Search the data for the string "exponent" and gather each line it is in.

(Saved entries)
☆ ☆ ☆ ☆ ☆ ☆ ☆

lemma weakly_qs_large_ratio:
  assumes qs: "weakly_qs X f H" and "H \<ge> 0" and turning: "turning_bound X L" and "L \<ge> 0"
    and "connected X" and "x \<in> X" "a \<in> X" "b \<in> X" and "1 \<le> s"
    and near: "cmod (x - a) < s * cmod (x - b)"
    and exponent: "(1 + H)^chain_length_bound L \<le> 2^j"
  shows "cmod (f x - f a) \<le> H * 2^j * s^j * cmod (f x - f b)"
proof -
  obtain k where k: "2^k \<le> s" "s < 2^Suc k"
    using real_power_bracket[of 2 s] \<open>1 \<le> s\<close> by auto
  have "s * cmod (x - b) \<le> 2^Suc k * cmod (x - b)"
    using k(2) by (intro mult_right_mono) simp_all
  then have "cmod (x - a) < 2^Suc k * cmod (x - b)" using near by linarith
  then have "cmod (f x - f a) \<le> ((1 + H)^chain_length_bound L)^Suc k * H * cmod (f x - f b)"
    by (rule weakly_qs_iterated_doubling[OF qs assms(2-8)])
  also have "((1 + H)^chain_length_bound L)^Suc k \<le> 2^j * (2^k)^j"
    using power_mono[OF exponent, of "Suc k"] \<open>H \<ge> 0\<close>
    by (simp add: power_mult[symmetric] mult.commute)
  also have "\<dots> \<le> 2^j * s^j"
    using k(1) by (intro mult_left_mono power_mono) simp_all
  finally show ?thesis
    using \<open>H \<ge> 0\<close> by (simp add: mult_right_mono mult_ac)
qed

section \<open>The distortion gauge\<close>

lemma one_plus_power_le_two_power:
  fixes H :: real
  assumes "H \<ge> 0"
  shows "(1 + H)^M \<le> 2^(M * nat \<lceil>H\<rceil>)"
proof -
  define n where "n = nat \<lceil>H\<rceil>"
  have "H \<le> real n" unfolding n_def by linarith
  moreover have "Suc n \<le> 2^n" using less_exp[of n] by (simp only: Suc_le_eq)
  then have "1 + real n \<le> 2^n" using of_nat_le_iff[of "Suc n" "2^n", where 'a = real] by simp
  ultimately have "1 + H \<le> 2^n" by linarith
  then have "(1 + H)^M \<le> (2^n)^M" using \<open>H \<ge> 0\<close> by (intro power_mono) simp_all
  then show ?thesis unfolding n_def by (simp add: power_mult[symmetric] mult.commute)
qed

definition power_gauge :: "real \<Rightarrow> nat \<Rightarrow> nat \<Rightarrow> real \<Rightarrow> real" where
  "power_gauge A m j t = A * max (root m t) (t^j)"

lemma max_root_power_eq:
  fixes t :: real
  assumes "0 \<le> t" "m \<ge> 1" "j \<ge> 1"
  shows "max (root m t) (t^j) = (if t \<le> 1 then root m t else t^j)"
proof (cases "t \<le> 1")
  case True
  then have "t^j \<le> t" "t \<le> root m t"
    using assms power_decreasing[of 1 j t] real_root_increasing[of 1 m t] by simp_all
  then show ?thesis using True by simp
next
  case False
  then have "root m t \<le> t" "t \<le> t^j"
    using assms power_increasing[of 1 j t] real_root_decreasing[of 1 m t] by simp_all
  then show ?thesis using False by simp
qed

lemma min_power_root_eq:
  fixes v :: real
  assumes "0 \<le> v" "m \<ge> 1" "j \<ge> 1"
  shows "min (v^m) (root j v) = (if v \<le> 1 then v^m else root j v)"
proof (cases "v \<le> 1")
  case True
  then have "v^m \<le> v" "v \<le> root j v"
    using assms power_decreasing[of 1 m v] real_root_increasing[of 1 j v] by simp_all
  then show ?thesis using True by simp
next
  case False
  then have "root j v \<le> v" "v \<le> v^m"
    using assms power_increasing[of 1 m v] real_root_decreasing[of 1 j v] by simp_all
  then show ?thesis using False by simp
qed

☆ ☆ ☆ ☆ ☆ ☆ ☆

Solution for this task:
    and exponent: "(1 + H)^chain_length_bound L \<le> 2^j"
    using power_mono[OF exponent, of "Suc k"] \<open>H \<ge> 0\<close>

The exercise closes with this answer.